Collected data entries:
lemma coeff_node_sum_le_node_data:
  obtains C where "C \<ge> 0"
    and "\<And>Q \<delta> b. total_degree_le k Q \<Longrightarrow> (\<forall>l\<le>k. \<forall>t\<in>S l. \<bar>\<delta> l t\<bar> \<le> 2) \<Longrightarrow>
           coeff_node_sum k Q b \<le> C * node_data k Q \<delta>"
proof -
  obtain A where A_nonneg: "A \<ge> 0"
    and A: "\<And>Q \<delta> j. total_degree_le k Q \<Longrightarrow> (\<forall>l\<le>k. \<forall>t\<in>S l. \<bar>\<delta> l t\<bar> \<le> 2) \<Longrightarrow> j \<le> k \<Longrightarrow>
              coeff_node_sum k Q j \<le> node_data k Q \<delta> + A * (\<Sum>n\<in>{1..k}. coeff_node_sum k Q (n + j))"
    by (rule coeff_node_sum_recursion[of k]) blast
  \<comment> \<open>downward induction on \<open>b\<close>: the recursion only involves coefficients of higher index\<close>
  have "\<exists>C\<ge>0. \<forall>Q \<delta> b. total_degree_le k Q \<longrightarrow> (\<forall>l\<le>k. \<forall>t\<in>S l. \<bar>\<delta> l t\<bar> \<le> 2) \<longrightarrow> k < b + m \<longrightarrow>
          coeff_node_sum k Q b \<le> C * node_data k Q \<delta>" for m
  proof (induction m)
    case 0
    show ?case
      by (intro exI[of _ 0]) (simp add: coeff_node_sum_def total_degree_le_coeff_eq_0)
  next
    case (Suc m)
    then obtain C where C_nonneg: "C \<ge> 0"
      and C: "\<And>Q \<delta> b. total_degree_le k Q \<Longrightarrow> (\<forall>l\<le>k. \<forall>t\<in>S l. \<bar>\<delta> l t\<bar> \<le> 2) \<Longrightarrow> k < b + m \<Longrightarrow>
                coeff_node_sum k Q b \<le> C * node_data k Q \<delta>"
      by blast
    define C' where "C' = C + 1 + A * k * C"
    have "coeff_node_sum k Q b \<le> C' * node_data k Q \<delta>"
      if Q: "total_degree_le k Q" and \<delta>: "\<forall>l\<le>k. \<forall>t\<in>S l. \<bar>\<delta> l t\<bar> \<le> 2" and b: "k < b + Suc m"
      for Q and \<delta> :: "nat \<Rightarrow> real \<Rightarrow> real" and b
    proof (cases "k < b + m")
      case True
      have "C \<le> C'"
        unfolding C'_def using A_nonneg C_nonneg by simp
      then have "C * node_data k Q \<delta> \<le> C' * node_data k Q \<delta>"
        using node_data_nonneg by (rule mult_right_mono)
      with C[OF Q \<delta> True] show ?thesis
        by linarith
    next
      case False
      have "(\<Sum>n\<in>{1..k}. coeff_node_sum k Q (n + b)) \<le> (\<Sum>n\<in>{1..k}. C * node_data k Q \<delta>)"
        using False b by (intro sum_mono C[OF Q \<delta>]) auto
      then have "A * (\<Sum>n\<in>{1..k}. coeff_node_sum k Q (n + b)) \<le> A * k * C * node_data k Q \<delta>"
        using A_nonneg by (simp add: mult_left_mono mult_ac)
      moreover have "coeff_node_sum k Q b \<le> node_data k Q \<delta> + A * (\<Sum>n\<in>{1..k}. coeff_node_sum k Q (n + b))"
        using False b by (intro A[OF Q \<delta>]) auto
      moreover have "0 \<le> C * node_data k Q \<delta>"
        using C_nonneg node_data_nonneg by simp
      ultimately show ?thesis
        unfolding C'_def by (simp add: algebra_simps)
    qed
    moreover have "C' \<ge> 0"
      unfolding C'_def using A_nonneg C_nonneg by simp
    ultimately show ?case
      by blast
  qed
  from this[of "Suc k"] obtain C where "C \<ge> 0"
    and "\<forall>Q \<delta> b. total_degree_le k Q \<longrightarrow> (\<forall>l\<le>k. \<forall>t\<in>S l. \<bar>\<delta> l t\<bar> \<le> 2) \<longrightarrow> k < b + Suc k \<longrightarrow>
           coeff_node_sum k Q b \<le> C * node_data k Q \<delta>"
    by blast
  then show ?thesis
    using that[of C] by auto
qed

lemma reference_estimate:
  obtains C where "C > 0"
    and "\<And>Q \<delta> R s w. total_degree_le k Q \<Longrightarrow> (\<forall>l\<le>k. \<forall>t\<in>S l. \<bar>\<delta> l t\<bar> \<le> 2) \<Longrightarrow>
           1 \<le> R \<Longrightarrow> \<bar>s\<bar> \<le> R \<Longrightarrow> \<bar>w\<bar> \<le> R \<Longrightarrow>
           \<bar>bpoly Q s w\<bar> \<le> C * R ^ k * node_data k Q \<delta>
         \<and> R * (\<bar>bpoly (map_poly pderiv Q) s w\<bar> + \<bar>bpoly (pderiv Q) s w\<bar>) \<le> C * R ^ k * node_data k Q \<delta>"
proof -
  obtain K where K_nonneg: "K \<ge> 0"
    and K: "\<And>Q b s \<rho>. total_degree_le k Q \<Longrightarrow> 1 + \<bar>s\<bar> \<le> \<rho> \<Longrightarrow>
              \<bar>poly (coeff Q b) s\<bar> \<le> K * coeff_node_sum k Q b * \<rho> ^ (k - b)
            \<and> \<rho> * \<bar>poly (pderiv (coeff Q b)) s\<bar> \<le> K * coeff_node_sum k Q b * \<rho> ^ (k - b)"
    by (rule coeff_bound_by_node_sum[of k]) blast
  obtain C0 where C0_nonneg: "C0 \<ge> 0"
    and C0: "\<And>Q \<delta> b. total_degree_le k Q \<Longrightarrow> (\<forall>l\<le>k. \<forall>t\<in>S l. \<bar>\<delta> l t\<bar> \<le> 2) \<Longrightarrow>
               coeff_node_sum k Q b \<le> C0 * node_data k Q \<delta>"
    by (rule coeff_node_sum_le_node_data[of k]) blast
  define C where "C = 2 * real (Suc k) ^ 2 * 2 ^ k * K * C0 + 1"
  show ?thesis
  proof (rule that)
    show "C > 0"
      unfolding C_def using K_nonneg C0_nonneg by (simp add: add_nonneg_pos)
  next
    fix Q and \<delta> :: "nat \<Rightarrow> real \<Rightarrow> real" and R s w :: real
    assume Q: "total_degree_le k Q" and \<delta>: "\<forall>l\<le>k. \<forall>t\<in>S l. \<bar>\<delta> l t\<bar> \<le> 2"
      and R: "1 \<le> R" and s: "\<bar>s\<bar> \<le> R" and w: "\<bar>w\<bar> \<le> R"
    define M where "M = K * C0 * node_data k Q \<delta>"
    have M_nonneg: "M \<ge> 0"
      unfolding M_def using K_nonneg C0_nonneg node_data_nonneg by simp
    have coeff_le: "\<bar>poly (coeff Q b) s\<bar> \<le> M * (2 * R) ^ (k - b)"
      and deriv_coeff_le: "2 * R * \<bar>poly (pderiv (coeff Q b)) s\<bar> \<le> M * (2 * R) ^ (k - b)" for b
    proof -
      have "K * coeff_node_sum k Q b \<le> M"
        unfolding M_def using C0[OF Q \<delta>, of b] K_nonneg by (simp add: mult.assoc mult_left_mono)
      then have "K * coeff_node_sum k Q b * (2 * R) ^ (k - b) \<le> M * (2 * R) ^ (k - b)"
        using R by (intro mult_right_mono) auto
      moreover have "1 + \<bar>s\<bar> \<le> 2 * R"
        using R s by linarith
      ultimately show "\<bar>poly (coeff Q b) s\<bar> \<le> M * (2 * R) ^ (k - b)"
        and "2 * R * \<bar>poly (pderiv (coeff Q b)) s\<bar> \<le> M * (2 * R) ^ (k - b)"
        using K[OF Q] by (meson order_trans)+
    qed
    have degQ: "degree Q \<le> k"
      using total_degree_le_degree[OF Q] .
    note value_bound = abs_bpoly_le_of_coeff_bounds[OF degQ R w M_nonneg coeff_le]
    note s_deriv = abs_bpoly_map_pderiv_le_of_coeff_bounds[OF degQ R w M_nonneg deriv_coeff_le]
    note w_deriv = abs_bpoly_pderiv_le_of_coeff_bounds[OF Q R w M_nonneg coeff_le]
    define X where "X = 2 ^ k * M * R ^ k"
    have X_nonneg: "X \<ge> 0"
      unfolding X_def using M_nonneg R by simp
    have "real (Suc k) * X \<le> real (Suc k) ^ 2 * X"
      using X_nonneg by (intro mult_right_mono) (auto simp: power2_eq_square)
    moreover have "C * R ^ k * node_data k Q \<delta> = 2 * real (Suc k) ^ 2 * X + R ^ k * node_data k Q \<delta>"
      unfolding C_def X_def M_def by (simp add: algebra_simps)
    moreover have "0 \<le> R ^ k * node_data k Q \<delta>"
      using R node_data_nonneg by simp
    moreover have "\<bar>bpoly Q s w\<bar> \<le> real (Suc k) * X"
      using value_bound unfolding X_def by (simp add: mult_ac)
    moreover have "R * \<bar>bpoly (map_poly pderiv Q) s w\<bar> \<le> real (Suc k) * X"
      using s_deriv unfolding X_def by (simp add: mult_ac)
    moreover have "R * \<bar>bpoly (pderiv Q) s w\<bar> \<le> real (Suc k) ^ 2 * X"
      using w_deriv unfolding X_def by (simp add: power2_eq_square mult_ac)
    ultimately show "\<bar>bpoly Q s w\<bar> \<le> C * R ^ k * node_data k Q \<delta>
        \<and> R * (\<bar>bpoly (map_poly pderiv Q) s w\<bar> + \<bar>bpoly (pderiv Q) s w\<bar>) \<le> C * R ^ k * node_data k Q \<delta>"
      unfolding distrib_left by linarith
  qed
qed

- WHAT THE TASK REQUIRES
Look above for the line holding "define X where" and the line holding "using w_deriv unfolding", then output exactly those two lines and every line between them, nothing more.

- SOLUTION BELOW
    define X where "X = 2 ^ k * M * R ^ k"
    have X_nonneg: "X \<ge> 0"
      unfolding X_def using M_nonneg R by simp
    have "real (Suc k) * X \<le> real (Suc k) ^ 2 * X"
      using X_nonneg by (intro mult_right_mono) (auto simp: power2_eq_square)
    moreover have "C * R ^ k * node_data k Q \<delta> = 2 * real (Suc k) ^ 2 * X + R ^ k * node_data k Q \<delta>"
      unfolding C_def X_def M_def by (simp add: algebra_simps)
    moreover have "0 \<le> R ^ k * node_data k Q \<delta>"
      using R node_data_nonneg by simp
    moreover have "\<bar>bpoly Q s w\<bar> \<le> real (Suc k) * X"
      using value_bound unfolding X_def by (simp add: mult_ac)
    moreover have "R * \<bar>bpoly (map_poly pderiv Q) s w\<bar> \<le> real (Suc k) * X"
      using s_deriv unfolding X_def by (simp add: mult_ac)
    moreover have "R * \<bar>bpoly (pderiv Q) s w\<bar> \<le> real (Suc k) ^ 2 * X"
      using w_deriv unfolding X_def by (simp add: power2_eq_square mult_ac)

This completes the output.